3) Mapping to just get a limited set of fields or to add fields from joined tables?
4) More complicated reductions than count (such as average, sum, etc.)?
EDIT: To clarify, I'm interested in how the request is formulated rather than how to implement it on the server-side.
I think the answer to your question is OData! OData is a generic protocol for querying and interacting with information. OData is based on REST but extends the semantics to include programatic elemements similar to SQL.
OData is not always URL-based only as it use JSON payloads for some scenarios. But it is a standard (OASIS) so it well structured and supported by many APIs.
A few general links:
https://en.wikipedia.org/wiki/Open_Data_Protocol
http://www.odata.org/
The most common ways of handling large data sets in GET requests are (afaict) :
1) Pagination. The request would be something like GET /api/customer?country=US&state=TX&firstResult=0&maxResults=50. This way the client has the freedom to choose the size of the data chunk he needs (this is often useful for UI-based clients).
2) Exposing a size service, so that the client gets to know how large the data set is before actually requesting it. The service would be something like
GET /api/customer/size?country=US&state=TX
Obviously the two can (and imho should) be used together, so that when/if a client (be it mobile or web or whatever) waints to fill its UI with content, he can choose what's the best data chunk size based also on the size of whole data set (e.g. to avoid creating 100 pages for the user to navigate).

RESTful API subresource pattern

In designing a RESTful API, the following call gives us basic information on user 123 (first name, last name, etc):
/api/users/123
We have a lot of information on users so we make additional calls to get subresources on a user like their cart:
/api/users/123/cart
For an admin page we would like to see all the cart information for all the users. A big table listing each user and some details about their cart. Obviously we don't want to make a separate API call for each user (tons of requests). How would this be done using RESTful API patterns?
/api/carts/users came to mind but then you'd in theory have 2 ways to get a specific user's cart by going /api/carts/users/123.
This is generally solved by adding a deref capability to your REST server. Assuming the response from your user looks like:
{
...
cartId: "12345",
...
}
you could add a simple dereference by passing in the query string "&deref=cart" (or however you setup your syntax.)

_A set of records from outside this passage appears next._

definition delta_inv :: "(real \<Rightarrow> ereal) \<Rightarrow> real \<Rightarrow> ereal" where
  "delta_inv \<delta> s = Sup {ereal t | t. t \<ge> 0 \<and> \<delta> t \<le> ereal s}"

definition gamma_fun :: "(real \<Rightarrow> ereal) \<Rightarrow> real \<Rightarrow> ereal" where
  "gamma_fun \<delta> t = ereal t / delta_inv \<delta> t"

definition C_delta :: "(real \<Rightarrow> ereal) \<Rightarrow> ereal" where
  "C_delta \<delta> = ereal ((exp 1 - 1) / (2 * exp 1)) / max (\<delta> (M_delta \<delta>)) 1"

end

theory Submission
  imports Defs
begin

text \<open>
  Let p = min (\<sigma> A) (1 - \<sigma> A) and L = ln (1/p). If an interval K has \<sigma> K > 1 - p and the
  density is at least m on K, then for small \<epsilon> either K lies in A_\<epsilon>, or A_\<epsilon> - A contains a gap
  of length \<epsilon> inside K; either way \<sigma> A_\<epsilon> - \<sigma> A \<ge> m \<epsilon>, hence \<sigma>^+ A \<ge> m.
  As g is convex, the density exp (-g) is quasi-concave, so it suffices to find on each side of 0
  a point a whose tail has mass q < p/2 and where the density is large. At the point where the
  tail mass equals q, convexity of g dominates the tail by an exponential distribution:
  q \<le> exp (- g a) a / (g a - g 0). Together with g a - g 0 \<ge> \<delta> a, the monotonicity of \<delta> t / t
  beyond \<delta>^-1 L and the normalisation 1 \<le> 2 exp (- g 0) M_\<delta>, this gives
  exp (- g a) \<ge> 2 C_\<delta> q L / \<delta>^-1 L; letting q tend to p/2 yields the bound.
\<close>

section \<open>Neighbourhoods and boundary measure\<close>

lemma open_nbhd: "open (nbhd A \<epsilon>)"
proof -
  have "nbhd A \<epsilon> = (\<Union>y\<in>A. ball y \<epsilon>)"
    unfolding nbhd_def ball_def dist_real_def by (auto simp: abs_minus_commute)
  then show ?thesis by auto
qed

lemma nbhd_borel [measurable]: "nbhd A \<epsilon> \<in> sets borel"
  using open_nbhd by auto

lemma subset_nbhd: "0 < \<epsilon> \<Longrightarrow> A \<subseteq> nbhd A \<epsilon>"
  unfolding nbhd_def by force

lemma uminus_mem_nbhd_uminus: "- x \<in> nbhd (uminus ` A) \<epsilon> \<longleftrightarrow> x \<in> nbhd A \<epsilon>"
  unfolding nbhd_def by (auto simp: abs_minus_commute)

lemma nbhd_gap_right:
  fixes A :: "real set"
  assumes x: "x \<notin> nbhd A \<epsilon>" and y: "y \<in> A" "x \<le> y"
  shows "\<exists>c. {c<..<c + \<epsilon>} \<subseteq> {x..y} \<inter> (nbhd A \<epsilon> - A)"
proof -
  define S where "S = A \<inter> {x..y}"
  have yS: "y \<in> S" using y S_def by auto
  have bdd: "bdd_below S" unfolding S_def by (rule bdd_belowI[of _ x]) auto
  have far: "x + \<epsilon> \<le> a" if "a \<in> S" for a
    using x that unfolding S_def nbhd_def by force
  define z where "z = Inf S"
  have zy: "z \<le> y" using cInf_lower[OF yS bdd] z_def by simp
  have zx: "x + \<epsilon> \<le> z" unfolding z_def using yS by (intro cInf_greatest) (auto intro: far)
  show ?thesis
  proof (rule exI[of _ "z - \<epsilon>"], intro subsetI)
    fix w assume w: "w \<in> {z - \<epsilon><..<z - \<epsilon> + \<epsilon>}"
    have wxy: "w \<in> {x..y}" using w zx zy by auto
    moreover have "w \<notin> A"
    proof
      assume "w \<in> A"
      then have "z \<le> w" using wxy cInf_lower[OF _ bdd] z_def S_def by simp
      then show False using w by simp
    qed
    moreover have "w \<in> nbhd A \<epsilon>"
    proof -
      obtain a where a: "a \<in> S" "a < w + \<epsilon>" using cInf_lessD[of S] yS w z_def by force
      have "z \<le> a" using cInf_lower[OF a(1) bdd] z_def by simp
      then show ?thesis using a w S_def unfolding nbhd_def by force
    qed
    ultimately show "w \<in> {x..y} \<inter> (nbhd A \<epsilon> - A)" by auto
  qed
qed

lemma nbhd_gap:
  fixes A :: "real set"
  assumes x: "x \<notin> nbhd A \<epsilon>" and y: "y \<in> A"
  shows "\<exists>c. {c<..<c + \<epsilon>} \<subseteq> {min x y..max x y} \<inter> (nbhd A \<epsilon> - A)"
proof (cases "x \<le> y")
  case True
  then show ?thesis using nbhd_gap_right[OF x y] by auto
next
  case False
  have "- x \<notin> nbhd (uminus ` A) \<epsilon>" "- y \<in> uminus ` A"
    using x y uminus_mem_nbhd_uminus by auto
  then obtain c where c: "{c<..<c + \<epsilon>} \<subseteq> {- x..- y} \<inter> (nbhd (uminus ` A) \<epsilon> - uminus ` A)"
    using nbhd_gap_right[of "- x" "uminus ` A" \<epsilon> "- y"] False by auto
  have "{- c - \<epsilon><..<- c - \<epsilon> + \<epsilon>} \<subseteq> {min x y..max x y} \<inter> (nbhd A \<epsilon> - A)"
  proof
    fix w assume "w \<in> {- c - \<epsilon><..<- c - \<epsilon> + \<epsilon>}"
    then have "- w \<in> {c<..<c + \<epsilon>}" by auto
    then show "w \<in> {min x y..max x y} \<inter> (nbhd A \<epsilon> - A)"
      using c False uminus_mem_nbhd_uminus[of w A \<epsilon>] by (auto simp: image_iff)
  qed
  then show ?thesis by blast
qed

lemma measure_density_interval_ge:
  fixes f :: "real \<Rightarrow> real"
  assumes \<sigma>: "\<sigma> = density lborel (\<lambda>x. ennreal (f x))" "finite_measure \<sigma>"
    and [measurable]: "f \<in> borel_measurable borel"
    and m: "0 \<le> m" "\<And>y. y \<in> {c<..<c + e} \<Longrightarrow> m \<le> f y" and e: "0 < e"
  shows "m * e \<le> measure \<sigma> {c<..<c + e}"
proof -
  interpret finite_measure \<sigma> by (rule \<sigma>(2))
  have "ennreal (m * e) = (\<integral>\<^sup>+x. ennreal m * indicator {c<..<c + e} x \<partial>lborel)"
    using e m by (subst nn_integral_cmult_indicator) (auto simp: ennreal_mult)
  also have "\<dots> \<le> (\<integral>\<^sup>+x. ennreal (f x) * indicator {c<..<c + e} x \<partial>lborel)"
    by (intro nn_integral_mono) (auto simp: indicator_def m ennreal_leI)
  also have "\<dots> = emeasure \<sigma> {c<..<c + e}"
    unfolding \<sigma>(1) by (subst emeasure_density) auto
  finally show ?thesis
    by (simp add: emeasure_eq_measure)
qed

lemma boundary_measure_nonneg:
  assumes "finite_measure \<sigma>" "sets \<sigma> = sets borel"
  shows "0 \<le> boundary_measure \<sigma> A"
proof -
  interpret finite_measure \<sigma> by (rule assms(1))
  have "ereal 0 \<le> ereal ((measure \<sigma> (nbhd A e) - measure \<sigma> A) / e)" if "0 < e" for e
  proof -
    have "measure \<sigma> A \<le> measure \<sigma> (nbhd A e)"
      by (rule finite_measure_mono) (use subset_nbhd[OF that] assms(2) in auto)
    then show ?thesis using that by simp
  qed
  then have "\<forall>\<^sub>F e in at_right 0. ereal 0 \<le> ereal ((measure \<sigma> (nbhd A e) - measure \<sigma> A) / e)"
    unfolding eventually_at_right_field by (intro exI[of _ 1]) auto
  then show ?thesis unfolding boundary_measure_def zero_ereal_def by (rule Liminf_bounded)
qed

This still leaves the problem of making a request per user. I'd posit there are two ways to generally do this. The first would be with a multiget type of resource (see [1] for an example). The problem with this approach is you must know all of the IDs and handle paging yourself. The second (which I believe is better) is to implement an index endpoint to your user resource. Indexing allows you to query a resource (generally via a query string such as firstName=X or whatever else you want to sort on.) Then you should implement basic paging so you're not passing around massive amounts of data. There are tons of examples of paging, but the simplest would be to specify a number (count=20) a start token (since=X) and a sort order (sort=-createdAt).
These implementations allow you to then ask for all users and their carts by iterating on the index endpoint. You might find this helpful as a starting point for paging [2].
[1] - How to construct a REST API that takes an array of id's for the resources
[2] - Pagination in a REST web application
For some reason I was under the assumption that having 2 URIs to the same resource was a bad thing. In my situation /api/users/123/cart and /api/carts/users/123 would return the same data. Through more research I've learned from countless sources that it's acceptable to have multiple URIs to the same resource if it makes sense to the end user.
In my case I probably wont expose /api/carts/users/123, but I'm planning on using /api/carts/users with some query parameters to return a subset of carts in the system. Similarly, I'm going to have /api/carts/orgs to search org carts.
A really good site I found with examples and clear explanations was the REST API Tutorial. I hope this helps others with planning their API URIs.